Наш участок – в некотором отдалении, возле кирпичной стены, за которой шумит город. Рядом с могилой Сони покоится какой-то тридцатисемилетний красавец. В его памятник вделана большая фотография. Он стоит скрестив руки, как Наполеон, и смотрит насмешливо.
Перед тем как похоронить урну, мы зашли в кладбищенскую церковь. Я наклонилась, чтобы поставить свечу, и моя кофточка внезапно загорелась на спине. Игорь сбил огонь руками.
Никто не придал этому особого значения, кроме меня. Я догадалась, это привет от Сони. Соня не простила мне те страдания, которые выпали на долю ее любимого сына. И я ее понимала. Не все можно простить.
Надвигалось лето. Я собралась ехать в Дом творчества. Для чего? Для творчества. Лето было моим промысловым периодом. Летом у меня хорошо крутятся мозги.
Светлана оставалась в Москве. Ей некуда было поехать и не с кем.
Я решила взять ее с собой в свой двухместный номер.
– А она тебе не помешает? – спросил Игорь.
– Помешает, – сказала я.
– Зачем же ты ее берешь?
– Если не я, то никто.
И это правда. Света не могла ездить в обычные дома отдыха. Она плохо сходилась с людьми и была обречена на одиночество. А в Домах творчества, как правило, интересные люди, запоминающиеся беседы. Все это украшает жизнь.
Светлана мне не мешала. Когда я садилась работать, она шла гулять.
Я заканчивала свою дневную норму и присоединялась к Свете. Мы шли на длинные прогулки. Я запомнила долгую дорогу, в конце которой было гороховое поле. А за полем церковь – белая, узкая, с высокой колокольней. Вставал образ старой Руси: просторы, церквушка, небо. Много неба.
По окончании срока я возвращалась в Москву просветленная, с новой повестью и отдохнувшей Светланой. Двойной урожай.
Я пристроила к даче пятьдесят метров – две дополнительные комнаты. Стала приглашать Свету на лето. Она каждое лето приезжала ко мне на дачу. Выглядела всегда примерно одинаково: худая, короткая стрижка, незапоминающаяся одежда. Было видно полное равнодушие к себе как к женщине. При этом взгляд умный, голос красивый, низкий и тоже умный. Скромность и достоинство исходили от нее, как аромат от цветка, и общее впечатление – приятное.
Света была похожа на Леву, но Соня в ней проступала, и я получала одновременно и Соню, и Свету, и для меня это было важно.
Однажды я заметила: Светочка приехала другая. Волосы отросли, как у батьки Махно. Общий вид – запущенный.
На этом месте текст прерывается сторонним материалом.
(* $\mathsf{D}_0(C_2^4)=5$ and $k_{\mathsf{D}}(C_2^4)=3$. Additionally, $\mathsf{D}_{1}(C_2^4)=5$ and $\mathsf{D}_{2}(C_2^4)=8$.
   Context: $C_2^4$ is the elementary abelian $2$-group of rank $4$. A sequence over a finite abelian group $G$ is a finite unordered list of elements with repetitions; zero-sum means its terms sum to $0$. $\mathsf{D}_k(G)$ ($k\in\mathbb{N}$) is the smallest $\ell$ such that every sequence over $G$ of length at least $\ell$ has $k$ disjoint non-empty zero-sum subsequences. It is known that there exists $\mathsf{D}_0(G)\in\mathbb{N}_0$ with $\mathsf{D}_k(G)=\mathsf{D}_0(G)+k\exp(G)$ for all sufficiently large $k$; $k_{\mathsf{D}}(G)$ is the minimal $k_0\in\mathbb{N}$ with $\mathsf{D}_k(G)=\mathsf{D}_0(G)+k\exp(G)$ for all $k\ge k_0$. *)

theory Defs
  imports "HOL-Analysis.Analysis" "HOL-Library.Multiset" "HOL-Library.Z2"
begin

text \<open>Sequences over an abelian group G (given as a type of class ab_group_add)
  are finite multisets of elements of G. The type of C_2^4 is bit ^ 4.\<close>

type_synonym C2_4 = "bit ^ 4"

definition zero_sum :: "'a::ab_group_add multiset \<Rightarrow> bool" where
  "zero_sum T \<longleftrightarrow> sum_mset T = 0"

definition has_k_disj_zs :: "nat \<Rightarrow> 'a::ab_group_add multiset \<Rightarrow> bool" where
  "has_k_disj_zs k S \<longleftrightarrow>
     (\<exists>Ts :: 'a multiset list. length Ts = k \<and>
        (\<forall>T \<in> set Ts. T \<noteq> {#} \<and> zero_sum T) \<and> sum_list Ts \<subseteq># S)"

definition Dk :: "'a::ab_group_add itself \<Rightarrow> nat \<Rightarrow> nat" where
  "Dk G k = (LEAST l. \<forall>S :: 'a multiset. size S \<ge> l \<longrightarrow> has_k_disj_zs k S)"

definition group_exp :: "'a::ab_group_add itself \<Rightarrow> nat" where
  "group_exp G = (LEAST n. n > 0 \<and> (\<forall>g :: 'a. (\<Sum>i<n. g) = 0))"

definition D0 :: "'a::ab_group_add itself \<Rightarrow> nat" where
  "D0 G = (THE d. \<exists>K. \<forall>k\<ge>K. Dk G k = d + k * group_exp G)"

definition kD :: "'a::ab_group_add itself \<Rightarrow> nat" where
  "kD G = (LEAST k0. k0 \<ge> 1 \<and> (\<forall>k\<ge>k0. Dk G k = D0 G + k * group_exp G))"

end

theory Submission
  imports Defs
begin

text \<open>
  A sequence over \<open>C\<^sub>2\<^sup>4\<close> containing \<open>0\<close> or a repeated element has a
  zero-sum subsequence of length at most \<open>2\<close>, which can be split off by induction. Otherwise
  it is a set of at most \<open>15\<close> nonzero elements, and the remaining cases are combinatorial:
  \<open>5\<close> elements have \<open>32\<close> subset sums in a group of order \<open>16\<close>, hence a zero-sum subset;
  a set of nonzero elements that is not sum-free contains a zero-sum triple \<open>{x, y, x + y}\<close>,
  and a sum-free set has at most \<open>8\<close> elements, with equality only for the complement of a
  hyperplane, which splits into zero-sum quadruples \<open>{a, a + t, c, c + t}\<close>; finally, the
  \<open>12\<close> elements outside a subgroup \<open>{0, u, v, u + v}\<close> split into four zero-sum triples.

  Give weight \<open>1\<close> to elements with first coordinate \<open>1\<close> and weight \<open>2\<close> to the
  others. If the elements with first coordinate \<open>1\<close> are distinct and the others nonzero,
  every nonempty zero-sum subsequence has weight at least \<open>4\<close>, since it contains an even
  number of elements of weight \<open>1\<close>. So a sequence of weight \<open>4k\<close> whose sum is nonzero has
  no \<open>k\<close> disjoint nonempty zero-sum subsequences.
\<close>

lemma filter_mset_all: "\<forall>x\<in>#M. P x \<Longrightarrow> filter_mset P M = M"
  by (simp add: filter_mset_eq_conv)

lemma mset_subset_eq_sum_list: "T \<in> set Ts \<Longrightarrow> T \<subseteq># sum_list Ts"
proof (induction Ts)
  case (Cons T' Ts)
  show ?case
  proof (cases "T = T'")
    case False
    then have "T \<subseteq># sum_list Ts" using Cons by simp
    then show ?thesis using mset_subset_eq_add_right subset_mset.order_trans by fastforce
  qed simp
qed simp

lemma has_k_disj_zs_0 [simp]: "has_k_disj_zs 0 S"
  unfolding has_k_disj_zs_def by simp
Что-то явно изменилось в худшую сторону. Светочка подошла ко мне и спросила:
– Ты перестроила дачу?
– Нет. Просто добавила две комнаты.
– А выход где?
– Там же, где и был.
Я удивилась, но не придала значения.
На другой день Света упала посреди участка. Она не споткнулась, не было никаких причин падать, просто сместился центр тяжести.
Света лежала на траве.
Игорь метнулся к ней и стал поднимать. Это было непросто. Они барахтались, как тонущие люди. Игорь напрягал все свои малые силы. В моих глазах он не менялся, но объективно – уже старик.
Когда-то в детстве Света страстно любила своего брата и, завидев, бежала к нему с криком «Братик!». И вот сейчас старый братик пытался поставить ее вертикально плоскости земли, и это было так тяжело… Я боялась, что у Игоря треснет какой-нибудь сосуд. Я подбежала, помогла. Нам удалось, но стало неспокойно. Света могла упасть еще раз. Так и случилось.
Это было начало болезни. Такая же болезнь посетила американского президента Рейгана. Она называлась Альцгеймер, по имени ученого, ее открывшего.
Через какое-то время Света слегла. Перестала ездить на дачу. Лежала в своей московской квартире.